Linux users today are scrambling to patch a critical flaw in the core glibc open-source library that could be exposing systems to a remote code execution risk. The glibc vulnerability is identified as CVE-2015-7547 and is titled, "getaddrinfo stack-based buffer overflow."

In many cases in Linux, the Security Enhanced Linux (SELinux) mandatory access security controls can mitigate the risk of potential vulnerabilities, but that's not the case with the new glibc issue.

"The risk is a compromise of important system functionality due to the execution of arbitrary code supplied by an attacker," Weimer said. "A suitable SELinux policy can contain some of the damage an attacker might do and constrain their access to the system, but DNS is used by many applications and system components, so SELinux policies offer only limited containment for this issue."

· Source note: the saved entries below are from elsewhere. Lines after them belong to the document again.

(* Let $H$ and $K$ be finite groups that admit no common nonabelian simple quotient (i.e., there is no nonabelian simple group that is isomorphic to a quotient of $H$ and also to a quotient of $K$). Then $\mathrm{MaxDim}(H \times K) = \mathrm{MaxDim}(H) + \mathrm{MaxDim}(K)$.
   Context: All groups are finite. A finite set $\{H_1,\dots,H_n\}$ of subgroups of a group $G$ is in general position if for every $1 \le j \le n$, $\bigcap_{i \neq j} H_i \supsetneq \bigcap_{i} H_i$. $\mathrm{MaxDim}(G)$ is the largest cardinality of a collection of maximal subgroups of $G$ that is in general position. *)

theory Defs
  imports "HOL-Algebra.Algebra"
begin

definition maximal_subgroup :: "'a set \<Rightarrow> ('a, 'b) monoid_scheme \<Rightarrow> bool" where
  "maximal_subgroup M G \<longleftrightarrow> subgroup M G \<and> M \<noteq> carrier G \<and>
     (\<forall>N. subgroup N G \<and> M \<subseteq> N \<longrightarrow> N = M \<or> N = carrier G)"

text \<open>Intersections are taken inside the group, so the empty intersection is the whole group.\<close>
definition general_position :: "('a, 'b) monoid_scheme \<Rightarrow> 'a set set \<Rightarrow> bool" where
  "general_position G S \<longleftrightarrow> finite S \<and>
     (\<forall>H\<in>S. carrier G \<inter> \<Inter>S \<subset> carrier G \<inter> \<Inter>(S - {H}))"

definition MaxDim :: "('a, 'b) monoid_scheme \<Rightarrow> nat" where
  "MaxDim G = Max {card S | S. S \<subseteq> {M. maximal_subgroup M G} \<and> general_position G S}"

end

theory Submission
  imports Defs
begin

text \<open>
  A maximal subgroup \<open>L\<close> of \<open>H \<times> K\<close> is either standard, i.e. \<open>M \<times> K\<close> or \<open>H \<times> M\<close> with
  \<open>M\<close> maximal in a factor, or it projects onto both factors. In the latter case Goursat's lemma
  gives normal subgroups \<open>N\<close> of \<open>H\<close> and \<open>N'\<close> of \<open>K\<close> with \<open>N \<times> N' \<subseteq> L\<close> and
  \<open>H/N \<cong> K/N'\<close>; maximality of \<open>L\<close> makes this quotient simple, so by hypothesis it is abelian,
  and then \<open>N\<close> and \<open>N'\<close> are maximal subgroups. In a family in general position, a non-standard
  member \<open>L\<close> can thus be exchanged for whichever of \<open>N \<times> K\<close>, \<open>H \<times> N'\<close> misses a witness of
  \<open>L\<close>: this normal maximal subgroup times the intersection of the other members is the whole
  group, so the witnesses of the other members can be moved into it. This yields a standard family
  of the same size, which splits into families in general position in \<open>H\<close> and in \<open>K\<close>.
  Conversely, optimal families of the factors lift to a family in general position in \<open>H \<times> K\<close>.
\<close>

section \<open>MaxDim and general position\<close>

lemma maximal_subgroupD:
  assumes "maximal_subgroup M G"
  shows "subgroup M G" and "M \<noteq> carrier G"
    and "\<And>N. subgroup N G \<Longrightarrow> M \<subseteq> N \<Longrightarrow> N = M \<or> N = carrier G"
  using assms unfolding maximal_subgroup_def by blast+

lemma finite_MaxDim_candidates:
  assumes "finite (carrier G)"
  shows "finite {card S | S. S \<subseteq> {M. maximal_subgroup M G} \<and> general_position G S}"
proof (rule finite_subset)
  have "S \<in> Pow (Pow (carrier G))" if "S \<subseteq> {M. maximal_subgroup M G}" for S
    using that subgroup.subset[OF maximal_subgroupD(1)] by blast
  then show "{card S | S. S \<subseteq> {M. maximal_subgroup M G} \<and> general_position G S}
        \<subseteq> card ` Pow (Pow (carrier G))"
    by blast
  show "finite (card ` Pow (Pow (carrier G)))" using assms by simp
qed

lemma card_le_MaxDim:
  assumes "finite (carrier G)" "S \<subseteq> {M. maximal_subgroup M G}" "general_position G S"
  shows "card S \<le> MaxDim G"
  unfolding MaxDim_def using assms by (intro Max_ge finite_MaxDim_candidates) auto

lemma MaxDim_attained:
  assumes "finite (carrier G)"
  obtains S where "S \<subseteq> {M. maximal_subgroup M G}" "general_position G S" "card S = MaxDim G"
proof -
  have "general_position G {}" unfolding general_position_def by simp
  then have "card {} \<in> {card S | S. S \<subseteq> {M. maximal_subgroup M G} \<and> general_position G S}"
    by (auto intro!: exI[of _ "{}"])
  then have "{card S | S. S \<subseteq> {M. maximal_subgroup M G} \<and> general_position G S} \<noteq> {}"
    by blast
  then have "MaxDim G \<in> {card S | S. S \<subseteq> {M. maximal_subgroup M G} \<and> general_position G S}"
    unfolding MaxDim_def using finite_MaxDim_candidates[OF assms] by (rule Max_in[rotated])
  then show ?thesis using that by auto
qed

lemma general_position_iff:
  "general_position G S \<longleftrightarrow> finite S \<and>
     (\<forall>U\<in>S. \<exists>g\<in>carrier G. (\<forall>Y\<in>S - {U}. g \<in> Y) \<and> g \<notin> U)"
proof -
  have "carrier G \<inter> \<Inter>S \<subset> carrier G \<inter> \<Inter>(S - {U}) \<longleftrightarrow>
        (\<exists>g\<in>carrier G. (\<forall>Y\<in>S - {U}. g \<in> Y) \<and> g \<notin> U)" if "U \<in> S" for U
    using that by blast
  then show ?thesis unfolding general_position_def by auto
qed

lemma general_position_subset:
  "general_position G S \<Longrightarrow> T \<subseteq> S \<Longrightarrow> general_position G T"
  unfolding general_position_iff by (meson Diff_mono finite_subset subset_iff subset_refl)

lemma general_position_vimage:
  assumes gp: "general_position G' ((\<lambda>M. carrier G' \<inter> p -` M) ` S)"
    and inj: "inj_on (\<lambda>M. carrier G' \<inter> p -` M) S"
    and p: "p ` carrier G' \<subseteq> carrier G"
  shows "general_position G S"
  unfolding general_position_iff
proof (intro conjI ballI)
  define f where "f = (\<lambda>M. carrier G' \<inter> p -` M)"
  note gp = gp[folded f_def] and inj = inj[folded f_def]
  show "finite S" using gp finite_image_iff[OF inj] unfolding general_position_def by simp
  have witness: "\<forall>V\<in>f ` S. \<exists>g\<in>carrier G'. (\<forall>Y\<in>f ` S - {V}. g \<in> Y) \<and> g \<notin> V"
    using gp unfolding general_position_iff by (rule conjunct2)
  fix U assume U: "U \<in> S"
  obtain g where g: "g \<in> carrier G'" "g \<notin> f U" and others: "\<forall>Y\<in>f ` S - {f U}. g \<in> Y"
    using bspec[OF witness imageI[OF U]] by blast
  have "g \<in> f Y" if "Y \<in> S - {U}" for Y
    using others that inj_on_contraD[OF inj, of Y U] U by blast
  then show "\<exists>x\<in>carrier G. (\<forall>Y\<in>S - {U}. x \<in> Y) \<and> x \<notin> U"
    using g p unfolding f_def by blast
qed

That whole article with much more is here: http://www.eweek.com/security/linux-systems-patched-for-critical-glibc-flaw.html

Other Sources:

From Linux.com "Linux Systems Patched for Critical glibc Flaw"

"Google exposed a critical flaw affecting major Linux distributions. The glibc flaw could have potentially led to remote code execution.

Linux users today are scrambling to patch a critical flaw in the core glibc open-source library that could be exposing systems to a remote code execution risk. The glibc vulnerability is identified as CVE-2015-7547 and is titled, "getaddrinfo stack-based buffer overflow."The glibc, or GNU C Library, is an open-source implementation of the C and C++ programming language libraries and is part of every major Linux distribution. Google engineers came across the CVE-2015-7547 issue when they were attempting to connect into a certain host system and a segmentation fault (segfault) occurred, causing the connection to crash. Further investigation revealed that glibc was at fault and the crash could potentially achieve an arbitrary remote code execution condition."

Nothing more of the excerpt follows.